— Activity —
Bring together every line in the data that includes "finally".

(Collected data entries)

..............................

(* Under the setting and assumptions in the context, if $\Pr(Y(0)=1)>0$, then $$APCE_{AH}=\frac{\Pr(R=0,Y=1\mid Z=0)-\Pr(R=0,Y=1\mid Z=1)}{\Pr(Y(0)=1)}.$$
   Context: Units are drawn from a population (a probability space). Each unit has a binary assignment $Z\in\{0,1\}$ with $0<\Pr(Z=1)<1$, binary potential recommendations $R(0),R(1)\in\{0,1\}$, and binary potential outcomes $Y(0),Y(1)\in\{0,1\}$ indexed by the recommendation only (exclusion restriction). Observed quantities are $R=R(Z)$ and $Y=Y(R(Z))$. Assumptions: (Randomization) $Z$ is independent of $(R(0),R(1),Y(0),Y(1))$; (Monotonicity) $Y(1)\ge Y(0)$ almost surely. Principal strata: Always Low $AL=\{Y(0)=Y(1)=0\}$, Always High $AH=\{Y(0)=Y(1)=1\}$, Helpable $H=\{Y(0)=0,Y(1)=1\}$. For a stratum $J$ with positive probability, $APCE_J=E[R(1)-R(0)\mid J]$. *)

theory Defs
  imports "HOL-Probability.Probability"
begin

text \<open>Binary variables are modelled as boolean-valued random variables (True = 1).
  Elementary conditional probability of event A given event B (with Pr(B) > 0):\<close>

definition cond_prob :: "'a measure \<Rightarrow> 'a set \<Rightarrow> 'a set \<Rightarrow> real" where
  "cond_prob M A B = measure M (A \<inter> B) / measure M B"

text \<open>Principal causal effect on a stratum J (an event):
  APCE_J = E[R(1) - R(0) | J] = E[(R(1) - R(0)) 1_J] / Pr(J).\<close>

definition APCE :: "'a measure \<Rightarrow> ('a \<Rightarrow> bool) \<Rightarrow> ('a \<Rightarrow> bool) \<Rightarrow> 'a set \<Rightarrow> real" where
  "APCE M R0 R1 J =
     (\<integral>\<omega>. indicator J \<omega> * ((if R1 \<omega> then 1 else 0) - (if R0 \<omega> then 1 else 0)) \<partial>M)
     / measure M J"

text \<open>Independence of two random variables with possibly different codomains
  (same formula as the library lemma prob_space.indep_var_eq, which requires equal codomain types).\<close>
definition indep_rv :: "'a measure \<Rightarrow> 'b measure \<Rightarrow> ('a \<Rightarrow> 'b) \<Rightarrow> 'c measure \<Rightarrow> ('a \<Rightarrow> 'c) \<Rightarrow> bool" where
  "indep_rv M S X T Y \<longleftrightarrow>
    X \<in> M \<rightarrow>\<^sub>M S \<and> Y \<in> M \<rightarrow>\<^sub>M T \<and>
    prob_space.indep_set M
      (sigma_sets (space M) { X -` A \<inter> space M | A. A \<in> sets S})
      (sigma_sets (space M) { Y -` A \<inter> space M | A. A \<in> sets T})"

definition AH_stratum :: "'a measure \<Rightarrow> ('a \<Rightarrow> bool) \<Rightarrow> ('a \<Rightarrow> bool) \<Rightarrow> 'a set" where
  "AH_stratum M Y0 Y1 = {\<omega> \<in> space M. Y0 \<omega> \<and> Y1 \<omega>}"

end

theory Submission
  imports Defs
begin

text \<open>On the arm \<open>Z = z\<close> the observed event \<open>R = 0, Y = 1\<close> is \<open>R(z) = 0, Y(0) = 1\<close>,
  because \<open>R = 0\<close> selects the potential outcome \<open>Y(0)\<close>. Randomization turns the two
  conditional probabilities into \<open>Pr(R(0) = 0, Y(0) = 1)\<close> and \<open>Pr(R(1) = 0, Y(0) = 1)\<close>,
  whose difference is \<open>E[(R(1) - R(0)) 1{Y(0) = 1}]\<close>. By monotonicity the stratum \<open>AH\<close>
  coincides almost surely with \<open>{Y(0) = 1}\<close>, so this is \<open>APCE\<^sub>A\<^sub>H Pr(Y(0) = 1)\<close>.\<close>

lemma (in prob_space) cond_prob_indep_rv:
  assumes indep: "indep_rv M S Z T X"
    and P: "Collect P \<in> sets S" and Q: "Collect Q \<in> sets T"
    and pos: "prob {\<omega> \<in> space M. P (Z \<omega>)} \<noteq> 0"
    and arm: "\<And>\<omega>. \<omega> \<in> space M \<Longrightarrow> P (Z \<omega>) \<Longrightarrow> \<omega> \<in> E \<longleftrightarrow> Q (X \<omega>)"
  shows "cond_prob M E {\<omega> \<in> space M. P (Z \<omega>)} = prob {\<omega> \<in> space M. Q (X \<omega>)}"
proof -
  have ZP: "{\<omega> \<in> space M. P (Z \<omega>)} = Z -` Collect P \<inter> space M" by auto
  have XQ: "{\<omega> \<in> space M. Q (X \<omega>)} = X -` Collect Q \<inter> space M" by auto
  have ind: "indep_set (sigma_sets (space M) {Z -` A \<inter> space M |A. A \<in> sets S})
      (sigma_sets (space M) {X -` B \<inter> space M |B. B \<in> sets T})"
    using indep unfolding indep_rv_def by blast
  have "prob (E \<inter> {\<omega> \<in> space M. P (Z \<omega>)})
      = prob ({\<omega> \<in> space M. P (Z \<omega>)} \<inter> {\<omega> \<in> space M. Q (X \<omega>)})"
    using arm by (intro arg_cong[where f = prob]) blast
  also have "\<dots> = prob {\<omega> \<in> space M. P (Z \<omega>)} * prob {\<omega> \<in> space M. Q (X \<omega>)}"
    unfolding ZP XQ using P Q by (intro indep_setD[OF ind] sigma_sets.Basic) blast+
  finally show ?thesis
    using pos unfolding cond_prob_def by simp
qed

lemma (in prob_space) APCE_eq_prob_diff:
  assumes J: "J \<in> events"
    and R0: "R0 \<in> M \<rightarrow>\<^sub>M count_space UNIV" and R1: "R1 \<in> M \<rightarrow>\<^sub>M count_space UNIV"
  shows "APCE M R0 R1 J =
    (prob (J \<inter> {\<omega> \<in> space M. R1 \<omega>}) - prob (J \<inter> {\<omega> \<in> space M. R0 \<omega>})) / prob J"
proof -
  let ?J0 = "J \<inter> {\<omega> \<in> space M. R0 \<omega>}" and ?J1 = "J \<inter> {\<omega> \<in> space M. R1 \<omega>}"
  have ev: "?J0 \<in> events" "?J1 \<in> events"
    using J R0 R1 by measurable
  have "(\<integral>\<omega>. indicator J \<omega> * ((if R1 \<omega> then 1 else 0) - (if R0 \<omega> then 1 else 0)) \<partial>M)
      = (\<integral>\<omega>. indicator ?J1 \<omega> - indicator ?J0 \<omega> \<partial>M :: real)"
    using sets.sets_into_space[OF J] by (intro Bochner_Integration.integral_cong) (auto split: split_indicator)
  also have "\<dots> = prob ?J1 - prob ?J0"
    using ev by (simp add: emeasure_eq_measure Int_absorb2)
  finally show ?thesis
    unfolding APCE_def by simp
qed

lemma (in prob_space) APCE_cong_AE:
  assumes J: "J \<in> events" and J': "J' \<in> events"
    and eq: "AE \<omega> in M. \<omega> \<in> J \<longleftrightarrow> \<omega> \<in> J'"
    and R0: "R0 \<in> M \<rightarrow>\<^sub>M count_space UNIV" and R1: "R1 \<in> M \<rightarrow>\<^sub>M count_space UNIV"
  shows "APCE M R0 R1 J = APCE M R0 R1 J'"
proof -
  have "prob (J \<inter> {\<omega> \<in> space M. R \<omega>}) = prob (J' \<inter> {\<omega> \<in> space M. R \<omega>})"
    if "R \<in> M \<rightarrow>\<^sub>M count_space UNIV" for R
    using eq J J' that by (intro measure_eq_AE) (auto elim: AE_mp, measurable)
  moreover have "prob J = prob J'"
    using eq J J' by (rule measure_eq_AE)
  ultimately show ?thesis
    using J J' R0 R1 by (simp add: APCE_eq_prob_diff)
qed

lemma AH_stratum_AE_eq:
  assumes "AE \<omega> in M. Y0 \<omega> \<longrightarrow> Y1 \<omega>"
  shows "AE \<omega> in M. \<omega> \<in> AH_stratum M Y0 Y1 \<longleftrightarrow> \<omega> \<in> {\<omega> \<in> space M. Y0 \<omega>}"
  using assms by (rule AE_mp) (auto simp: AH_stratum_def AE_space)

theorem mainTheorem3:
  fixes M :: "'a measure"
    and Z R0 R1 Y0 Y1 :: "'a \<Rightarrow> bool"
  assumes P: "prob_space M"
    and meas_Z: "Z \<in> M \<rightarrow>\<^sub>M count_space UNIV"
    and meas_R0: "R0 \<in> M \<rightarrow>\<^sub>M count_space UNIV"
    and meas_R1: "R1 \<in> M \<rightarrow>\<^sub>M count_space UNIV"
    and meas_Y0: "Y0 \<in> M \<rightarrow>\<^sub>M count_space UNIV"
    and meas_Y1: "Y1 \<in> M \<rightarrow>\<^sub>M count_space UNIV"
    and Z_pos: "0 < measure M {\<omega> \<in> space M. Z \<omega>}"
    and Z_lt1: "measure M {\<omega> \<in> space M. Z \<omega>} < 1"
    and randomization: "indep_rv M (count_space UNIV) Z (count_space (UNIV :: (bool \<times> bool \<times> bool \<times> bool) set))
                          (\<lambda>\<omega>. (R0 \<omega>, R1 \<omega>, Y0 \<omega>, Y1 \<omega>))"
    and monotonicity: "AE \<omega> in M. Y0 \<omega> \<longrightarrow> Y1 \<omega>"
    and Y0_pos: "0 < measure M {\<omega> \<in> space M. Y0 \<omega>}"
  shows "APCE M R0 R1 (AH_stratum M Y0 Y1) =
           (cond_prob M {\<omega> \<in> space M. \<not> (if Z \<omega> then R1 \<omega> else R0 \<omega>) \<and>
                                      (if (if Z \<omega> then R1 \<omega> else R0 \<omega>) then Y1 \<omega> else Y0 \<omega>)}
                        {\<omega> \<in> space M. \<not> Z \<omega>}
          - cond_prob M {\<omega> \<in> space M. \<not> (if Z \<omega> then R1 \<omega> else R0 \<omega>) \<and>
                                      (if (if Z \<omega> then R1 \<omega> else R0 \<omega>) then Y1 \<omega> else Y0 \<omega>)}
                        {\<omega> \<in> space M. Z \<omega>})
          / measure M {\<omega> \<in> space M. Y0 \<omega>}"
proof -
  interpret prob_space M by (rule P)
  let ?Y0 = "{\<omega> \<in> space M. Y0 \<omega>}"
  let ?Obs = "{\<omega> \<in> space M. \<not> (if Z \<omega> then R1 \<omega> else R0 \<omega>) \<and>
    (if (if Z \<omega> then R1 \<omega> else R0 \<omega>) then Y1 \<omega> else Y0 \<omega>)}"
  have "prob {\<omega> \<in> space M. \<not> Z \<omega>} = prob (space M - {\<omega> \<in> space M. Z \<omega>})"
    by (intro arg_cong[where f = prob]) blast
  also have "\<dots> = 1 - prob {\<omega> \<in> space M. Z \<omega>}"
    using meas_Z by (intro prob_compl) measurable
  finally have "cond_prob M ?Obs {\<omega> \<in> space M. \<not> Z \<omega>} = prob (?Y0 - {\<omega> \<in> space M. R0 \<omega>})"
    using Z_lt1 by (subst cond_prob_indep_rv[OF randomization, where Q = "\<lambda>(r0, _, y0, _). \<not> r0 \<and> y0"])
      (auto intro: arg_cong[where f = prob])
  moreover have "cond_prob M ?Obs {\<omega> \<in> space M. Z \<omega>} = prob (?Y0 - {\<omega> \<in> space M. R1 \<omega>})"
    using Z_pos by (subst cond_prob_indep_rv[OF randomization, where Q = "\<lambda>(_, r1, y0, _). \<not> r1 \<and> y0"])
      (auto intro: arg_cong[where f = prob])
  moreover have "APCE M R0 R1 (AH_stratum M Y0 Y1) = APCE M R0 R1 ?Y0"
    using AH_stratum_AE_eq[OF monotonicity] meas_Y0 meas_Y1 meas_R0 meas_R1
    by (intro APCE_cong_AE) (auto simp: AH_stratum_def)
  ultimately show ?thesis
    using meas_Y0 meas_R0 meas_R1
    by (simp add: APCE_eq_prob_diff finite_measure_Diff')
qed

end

..............................

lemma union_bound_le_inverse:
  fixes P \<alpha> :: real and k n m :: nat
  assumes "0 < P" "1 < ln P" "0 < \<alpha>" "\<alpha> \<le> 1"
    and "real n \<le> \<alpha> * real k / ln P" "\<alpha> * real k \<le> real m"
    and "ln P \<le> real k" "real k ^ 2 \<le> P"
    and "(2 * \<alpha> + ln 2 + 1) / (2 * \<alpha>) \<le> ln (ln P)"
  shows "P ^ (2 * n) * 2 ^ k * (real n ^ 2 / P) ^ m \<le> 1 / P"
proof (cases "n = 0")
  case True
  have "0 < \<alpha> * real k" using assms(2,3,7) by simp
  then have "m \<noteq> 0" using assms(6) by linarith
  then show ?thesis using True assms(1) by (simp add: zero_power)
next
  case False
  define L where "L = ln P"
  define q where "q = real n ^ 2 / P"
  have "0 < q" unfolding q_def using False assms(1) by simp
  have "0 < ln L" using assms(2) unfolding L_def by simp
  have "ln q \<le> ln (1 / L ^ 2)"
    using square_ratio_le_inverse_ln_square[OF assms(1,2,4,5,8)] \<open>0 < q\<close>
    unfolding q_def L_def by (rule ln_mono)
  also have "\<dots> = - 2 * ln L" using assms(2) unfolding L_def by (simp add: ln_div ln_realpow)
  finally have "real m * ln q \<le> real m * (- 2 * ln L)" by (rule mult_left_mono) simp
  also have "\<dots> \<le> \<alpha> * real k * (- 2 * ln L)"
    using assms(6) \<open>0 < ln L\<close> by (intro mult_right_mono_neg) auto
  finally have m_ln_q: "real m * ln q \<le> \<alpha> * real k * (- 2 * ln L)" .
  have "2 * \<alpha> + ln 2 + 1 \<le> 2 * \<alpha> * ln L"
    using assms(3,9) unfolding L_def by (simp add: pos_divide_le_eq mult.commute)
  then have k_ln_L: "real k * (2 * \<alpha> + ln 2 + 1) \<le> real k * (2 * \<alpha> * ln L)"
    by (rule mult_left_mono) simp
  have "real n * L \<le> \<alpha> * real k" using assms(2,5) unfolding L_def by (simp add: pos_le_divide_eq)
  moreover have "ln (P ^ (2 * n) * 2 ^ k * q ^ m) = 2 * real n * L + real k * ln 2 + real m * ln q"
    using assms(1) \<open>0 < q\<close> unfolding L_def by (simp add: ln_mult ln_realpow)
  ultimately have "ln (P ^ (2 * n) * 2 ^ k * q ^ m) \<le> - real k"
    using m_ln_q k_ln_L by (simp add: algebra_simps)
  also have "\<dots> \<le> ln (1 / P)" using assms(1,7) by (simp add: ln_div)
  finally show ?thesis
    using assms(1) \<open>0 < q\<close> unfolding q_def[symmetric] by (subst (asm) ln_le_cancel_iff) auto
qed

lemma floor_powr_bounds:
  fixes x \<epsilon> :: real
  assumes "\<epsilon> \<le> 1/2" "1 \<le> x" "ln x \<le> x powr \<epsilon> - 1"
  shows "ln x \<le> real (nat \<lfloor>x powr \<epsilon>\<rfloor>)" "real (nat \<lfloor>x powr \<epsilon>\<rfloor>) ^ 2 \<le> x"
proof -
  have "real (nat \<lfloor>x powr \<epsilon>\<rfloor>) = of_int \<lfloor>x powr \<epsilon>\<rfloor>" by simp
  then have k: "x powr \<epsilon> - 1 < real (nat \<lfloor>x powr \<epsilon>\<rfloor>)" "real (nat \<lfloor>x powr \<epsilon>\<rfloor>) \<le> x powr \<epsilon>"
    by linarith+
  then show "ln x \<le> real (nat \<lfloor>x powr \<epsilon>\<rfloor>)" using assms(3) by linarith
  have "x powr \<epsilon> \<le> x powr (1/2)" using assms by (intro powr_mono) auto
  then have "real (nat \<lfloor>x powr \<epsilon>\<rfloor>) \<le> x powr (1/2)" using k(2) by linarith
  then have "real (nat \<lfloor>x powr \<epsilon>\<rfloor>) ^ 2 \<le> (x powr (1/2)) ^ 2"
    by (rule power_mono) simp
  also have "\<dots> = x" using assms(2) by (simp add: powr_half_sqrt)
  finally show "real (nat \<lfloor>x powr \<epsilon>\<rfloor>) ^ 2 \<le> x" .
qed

..............................

— Completed task —
  finally show ?thesis
  finally show ?thesis
  finally have "cond_prob M ?Obs {\<omega> \<in> space M. \<not> Z \<omega>} = prob (?Y0 - {\<omega> \<in> space M. R0 \<omega>})"
  finally have "real m * ln q \<le> real m * (- 2 * ln L)" by (rule mult_left_mono) simp
  finally have m_ln_q: "real m * ln q \<le> \<alpha> * real k * (- 2 * ln L)" .
  finally show ?thesis
  finally show "real (nat \<lfloor>x powr \<epsilon>\<rfloor>) ^ 2 \<le> x" .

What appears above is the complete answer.